Academics and folk beliefs have long accepted that chili peppers came to Korea from Japan at the end of the 16th century.

But a research team led by Professor Kwon Dae-young at the Korea Food Research Institute revealed on Feb. 18 that a plant called cho, or prickly ash, appeared in many literary documents including the third-century “Records of Three Kingdoms.”

The researchers found that the very same word appeared as the entry “chili pepper: cho” in Korean linguist and educator Choe Sejin’s “Hunmong Jahoe (Collection of Characters for Training the Unenlightened)” in 1527. This, they claim, indicates there was an indigenous chili pepper species in Korea much earlier than previously thought.

The key document thought to be proof that chili peppers were first introduced in the 16th century was Korean scholar Yi Su-gwang’s 20-volume encyclopedia “Jibong yuseol (1614),” which states, “Nammancho [foreign prickly ash] is poisonous and also known as waegaeja [foreign plant] because it originally comes from another country.”

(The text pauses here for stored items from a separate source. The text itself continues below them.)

definition is_set_cond_exp :: "'a measure \<Rightarrow> 'a measure \<Rightarrow> real \<Rightarrow> ('a \<Rightarrow> 'e::{banach,second_countable_topology} set) \<Rightarrow> ('a \<Rightarrow> 'e set) \<Rightarrow> bool" where
  "is_set_cond_exp M G p X Y \<longleftrightarrow> setvalued_measurable G Y \<and> (\<forall>x\<in>space M. closed (Y x)) \<and>
     Sp M G p Y = Lp_closure M G p {h. \<exists>g\<in>Sp M M p X. is_cond_exp M G g h}"

definition set_martingale :: "'a measure \<Rightarrow> (real \<Rightarrow> 'a measure) \<Rightarrow> real \<Rightarrow> real \<Rightarrow> (real \<Rightarrow> 'a \<Rightarrow> 'e::{banach,second_countable_topology} set) \<Rightarrow> bool" where
  "set_martingale M F T p \<Psi> \<longleftrightarrow> (\<forall>s t. 0 \<le> s \<longrightarrow> s \<le> t \<longrightarrow> t \<le> T \<longrightarrow>
     (\<exists>Y. is_set_cond_exp M (F s) p (\<Psi> t) Y \<and> (AE x in M. Y x = \<Psi> s x)))"

definition martingale_E :: "'a measure \<Rightarrow> (real \<Rightarrow> 'a measure) \<Rightarrow> real \<Rightarrow> (real \<Rightarrow> 'a \<Rightarrow> 'e::{banach,second_countable_topology}) \<Rightarrow> bool" where
  "martingale_E M F T \<psi> \<longleftrightarrow>
     (\<forall>t\<in>{0..T}. \<psi> t \<in> borel_measurable (F t) \<and> integrable M (\<psi> t)) \<and>
     (\<forall>s t. 0 \<le> s \<longrightarrow> s \<le> t \<longrightarrow> t \<le> T \<longrightarrow>
        (\<forall>A\<in>sets (F s). set_lebesgue_integral M A (\<psi> t) = set_lebesgue_integral M A (\<psi> s)))"

definition Msel :: "'a measure \<Rightarrow> (real \<Rightarrow> 'a measure) \<Rightarrow> real \<Rightarrow> real \<Rightarrow> (real \<Rightarrow> 'a \<Rightarrow> 'e::{banach,second_countable_topology} set) \<Rightarrow> (real \<Rightarrow> 'a \<Rightarrow> 'e) set" where
  "Msel M F T p \<Psi> = {\<psi>. martingale_E M F T \<psi> \<and> (\<forall>t\<in>{0..T}. \<psi> t \<in> Sp M (F t) p (\<Psi> t))}"

definition decomposable :: "'a measure \<Rightarrow> 'a measure \<Rightarrow> ('a \<Rightarrow> 'e::real_vector) set \<Rightarrow> bool" where
  "decomposable M G D \<longleftrightarrow> (\<forall>(n::nat) (A::nat \<Rightarrow> 'a set) h.
     (\<forall>i<n. A i \<in> sets G \<and> h i \<in> D) \<and> disjoint_family_on A {..<n} \<and> (\<Union>i<n. A i) = space M
     \<longrightarrow> (\<lambda>x. \<Sum>i<n. indicator (A i) x *\<^sub>R h i x) \<in> D)"

definition dec_closure :: "'a measure \<Rightarrow> 'a measure \<Rightarrow> real \<Rightarrow> ('a \<Rightarrow> 'e::{banach,second_countable_topology}) set \<Rightarrow> ('a \<Rightarrow> 'e) set" where
  "dec_closure M G p \<Delta> = \<Inter>{D. \<Delta> \<subseteq> D \<and> D \<subseteq> Lp_space M G p \<and> Lp_closure M G p D \<subseteq> D \<and> decomposable M G D}"

definition brownian_motion :: "'a measure \<Rightarrow> real \<Rightarrow> (real \<Rightarrow> 'a \<Rightarrow> real) \<Rightarrow> bool" where
  "brownian_motion M T W \<longleftrightarrow>
     (\<forall>t\<in>{0..T}. W t \<in> borel_measurable M) \<and>
     (\<forall>x\<in>space M. W 0 x = 0 \<and> continuous_on {0..T} (\<lambda>t. W t x)) \<and>
     (\<forall>s t. 0 \<le> s \<longrightarrow> s < t \<longrightarrow> t \<le> T \<longrightarrow>
        distributed M lborel (\<lambda>x. W t x - W s x) (\<lambda>y. ennreal (normal_density 0 (sqrt (t - s)) y))) \<and>
     (\<forall>(n::nat) (ts::nat \<Rightarrow> real). 0 \<le> ts 0 \<and> (\<forall>i<n. ts i < ts (Suc i)) \<and> ts n \<le> T \<longrightarrow>
        prob_space.indep_vars M (\<lambda>_. borel) (\<lambda>i x. W (ts (Suc i)) x - W (ts i) x) {..<n})"

definition nat_filtration :: "'a measure \<Rightarrow> (real \<Rightarrow> 'a \<Rightarrow> real) \<Rightarrow> real \<Rightarrow> 'a measure" where
  "nat_filtration M W t = sigma (space M)
     ({W s -` B \<inter> space M | s B. s \<in> {0..t} \<and> B \<in> sets borel} \<union> null_sets M)"

text \<open>By passing to the joint law, it suffices to consider probability measures
  on the sequence space nat => 'e; martingale difference sequences are taken w.r.t. their own
  natural filtration (d_0 arbitrary, E[d_n | d_0..d_{n-1}] = 0 for n >= 1).\<close>
definition umd :: "'e::{banach,second_countable_topology} itself \<Rightarrow> bool" where
  "umd _ \<longleftrightarrow> (\<exists>p>1. \<exists>\<beta>. \<forall>(P::(nat \<Rightarrow> 'e) measure) (d::nat \<Rightarrow> (nat \<Rightarrow> 'e) \<Rightarrow> 'e) (N::nat) (\<epsilon>::nat \<Rightarrow> real).
     prob_space P \<and>
     (\<forall>n. d n \<in> borel_measurable P \<and> integrable P (\<lambda>x. norm (d n x) powr p)) \<and>
     (\<forall>n\<ge>1. \<forall>A\<in>sets (sigma (space P) {d k -` B \<inter> space P | k B. k < n \<and> B \<in> sets borel}).
         set_lebesgue_integral P A (d n) = 0) \<and>
     (\<forall>n. \<epsilon> n \<in> {-1, 1})
     \<longrightarrow> Lp_norm P p (\<lambda>x. \<Sum>n<N. \<epsilon> n *\<^sub>R d n x) \<le> \<beta> * Lp_norm P p (\<lambda>x. \<Sum>n<N. d n x))"

end

theory Submission
  imports Defs
begin

(* Each value psi_t of a martingale selection lies in S^p_{F_t}(Psi_t), which is closed in L^p
  and decomposable, so the dec-closure of pi_t(M_sel) is contained in it. Conversely,
  S^p_{F_t}(Psi_t) is by definition the L^p-closure of the conditional expectations E^{F_t} g of
  selections g of Psi_T, and each such g yields the martingale selection u |-> E^{F_u} g, whose
  value at u lies in S^p_{F_u}(Psi_u) for the same reason. Hence these conditional expectations
  already belong to pi_t(M_sel). *)

lemma powr_add_le_two_powr:
  fixes a b p :: real
  assumes "a \<ge> 0" "b \<ge> 0" "p > 0"
  shows "(a + b) powr p \<le> 2 powr p * (a powr p + b powr p)"
proof -
  have "(a + b) powr p \<le> (2 * max a b) powr p"
    using assms by (intro powr_mono2) auto
  also have "\<dots> = 2 powr p * max a b powr p"
    using assms by (simp add: powr_mult)
  also have "\<dots> \<le> 2 powr p * (a powr p + b powr p)"
    by (intro mult_left_mono) (auto simp: max_def)
  finally show ?thesis .
qed

lemma le_one_add_powr:
  fixes a p :: real
  assumes "a \<ge> 0" "p \<ge> 1"
  shows "a \<le> 1 + a powr p"
proof (cases "a \<le> 1")
  case False
  then have "a powr 1 \<le> a powr p"
    using assms by (intro powr_mono) auto
  then show ?thesis
    using False by simp
qed (use assms in \<open>auto intro: add_increasing2\<close>)

lemma (in finite_measure) integrable_if_integrable_norm_powr:
  fixes g :: "'a \<Rightarrow> 'e::{banach,second_countable_topology}"
  assumes "p \<ge> 1" "g \<in> borel_measurable M" "integrable M (\<lambda>x. norm (g x) powr p)"
  shows "integrable M g"
proof (rule Bochner_Integration.integrable_bound)
  show "integrable M (\<lambda>x. 1 + norm (g x) powr p)"
    using assms(3) by auto
  show "AE x in M. norm (g x) \<le> norm (1 + norm (g x) powr p)"
    using le_one_add_powr[OF norm_ge_zero assms(1)] by auto
qed (use assms(2) in auto)

lemma Lp_space_borel_measurable:
  "subalgebra M G \<Longrightarrow> f \<in> Lp_space M G p \<Longrightarrow> f \<in> borel_measurable M"
  unfolding Lp_space_def by (auto intro: measurable_from_subalg)

lemma integrable_norm_diff_powr:
  fixes f g :: "'a \<Rightarrow> 'e::{banach,second_countable_topology}"
  assumes sub: "subalgebra M G" and p: "p > 0"
    and f: "f \<in> Lp_space M G p" and g: "g \<in> Lp_space M G p"
  shows "integrable M (\<lambda>x. norm (f x - g x) powr p)"
proof (rule Bochner_Integration.integrable_bound)
  show "integrable M (\<lambda>x. 2 powr p * (norm (f x) powr p + norm (g x) powr p))"
    using f g unfolding Lp_space_def by auto
  have "norm (f x - g x) powr p \<le> 2 powr p * (norm (f x) powr p + norm (g x) powr p)" for x
  proof -
    have "norm (f x - g x) powr p \<le> (norm (f x) + norm (g x)) powr p"
      using p by (intro powr_mono2 norm_triangle_ineq4) auto
    also have "\<dots> \<le> 2 powr p * (norm (f x) powr p + norm (g x) powr p)"
      using p by (intro powr_add_le_two_powr) auto
    finally show ?thesis .
  qed
  then show "AE x in M. norm (norm (f x - g x) powr p)
      \<le> norm (2 powr p * (norm (f x) powr p + norm (g x) powr p))"
    by auto
qed (use Lp_space_borel_measurable[OF sub f] Lp_space_borel_measurable[OF sub g] in measurable)

lemma Lp_closure_mono: "A \<subseteq> B \<Longrightarrow> Lp_closure M G p A \<subseteq> Lp_closure M G p B"
  unfolding Lp_closure_def by blast

lemma Lp_closure_superset: "A \<inter> Lp_space M G p \<subseteq> Lp_closure M G p A"
  unfolding Lp_closure_def Lp_norm_def by force

lemma Lp_norm_tendsto_zero_AE_subseq:
  fixes u :: "nat \<Rightarrow> 'a \<Rightarrow> 'e::{banach,second_countable_topology}"
  assumes p: "p > 0" and u: "\<And>n. integrable M (\<lambda>x. norm (u n x) powr p)"
    and lim: "(\<lambda>n. Lp_norm M p (u n)) \<longlonglongrightarrow> 0"
  obtains r where "strict_mono r" "AE x in M. (\<lambda>n. u (r n) x) \<longlonglongrightarrow> 0"
proof -
  have "(\<lambda>n. Lp_norm M p (u n) powr p) \<longlonglongrightarrow> 0"
    using lim p by (intro tendsto_zero_powrI) (auto simp: Lp_norm_def)
  moreover have "Lp_norm M p (u n) powr p = (\<integral>x. norm (norm (u n x) powr p) \<partial>M)" for n
    using p unfolding Lp_norm_def by (simp add: powr_powr integral_nonneg_AE)
  ultimately obtain r where r: "strict_mono r"
    and r_lim: "AE x in M. (\<lambda>n. norm (u (r n) x) powr p) \<longlonglongrightarrow> 0"
    using tendsto_L1_AE_subseq[where u="\<lambda>n x. norm (u n x) powr p", OF u] by auto
  from r_lim have "AE x in M. (\<lambda>n. u (r n) x) \<longlonglongrightarrow> 0"
  proof eventually_elim
    case (elim x)
    then have "(\<lambda>n. (norm (u (r n) x) powr p) powr (1 / p)) \<longlonglongrightarrow> 0"
      by (rule tendsto_zero_powrI[where b="1 / p"]) (use p in auto)
    then show ?case
      using p by (simp add: powr_powr tendsto_norm_zero_iff)
  qed
  with r show ?thesis
    using that by blast
qed

lemma Sp_cong_AE:
  assumes "AE x in M. X x = Y x"
  shows "Sp M G p X = Sp M G p Y"
proof -
  have "(AE x in M. f x \<in> X x) \<longleftrightarrow> (AE x in M. f x \<in> Y x)" for f
  proof
    assume "AE x in M. f x \<in> X x"
    with assms show "AE x in M. f x \<in> Y x"
      by eventually_elim simp
  next
    assume "AE x in M. f x \<in> Y x"
    with assms show "AE x in M. f x \<in> X x"
      by eventually_elim simp
  qed
  then show ?thesis
    unfolding Sp_def by auto
qed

But Kwon claims nammancho and waegaja are different from the chili peppers we eat, and points out that existing studies didn’t consider the possibility that the chili peppers discovered by Columbus in 1492 might be a different species from Korean ones.

Given the popularity of chili peppers, they may have been used here before the 16th century. But that begs the question, where are the recipes?

Among the numerous variations on kimchi in the 1670 cookbook “Eumshik dimibang,” only one uses chili peppers. Most of the kimchi dishes that appear in the 19th-century document on women’s chores, “Gyuhpa chongseo (1809),” include shredded rather than powdered chili peppers.

Kim Chan-byul, author of “The Tasty Birth of Korean Food,” quoted an article from the Joseon JoongAng Ilbo in 1933, to support the argument that red food was not an old tradition: “All banchan [side dishes served with cooked rice] of the three meals of the day are now seasoned with chili peppers, making all foods taste like chili pepper.”

Kwon says, “Chili peppers are absolutely necessary for the long-term preservation of kimchi, just as salt is.” He has resolved to “prove through future studies that chili peppers were used in kimchi much earlier than is known today.”

So is our love of spicy food a fairly recent trend or is it a result of a long tradition? I look forward to the results of further studies.


The writer is a team manager at JES Entertainment.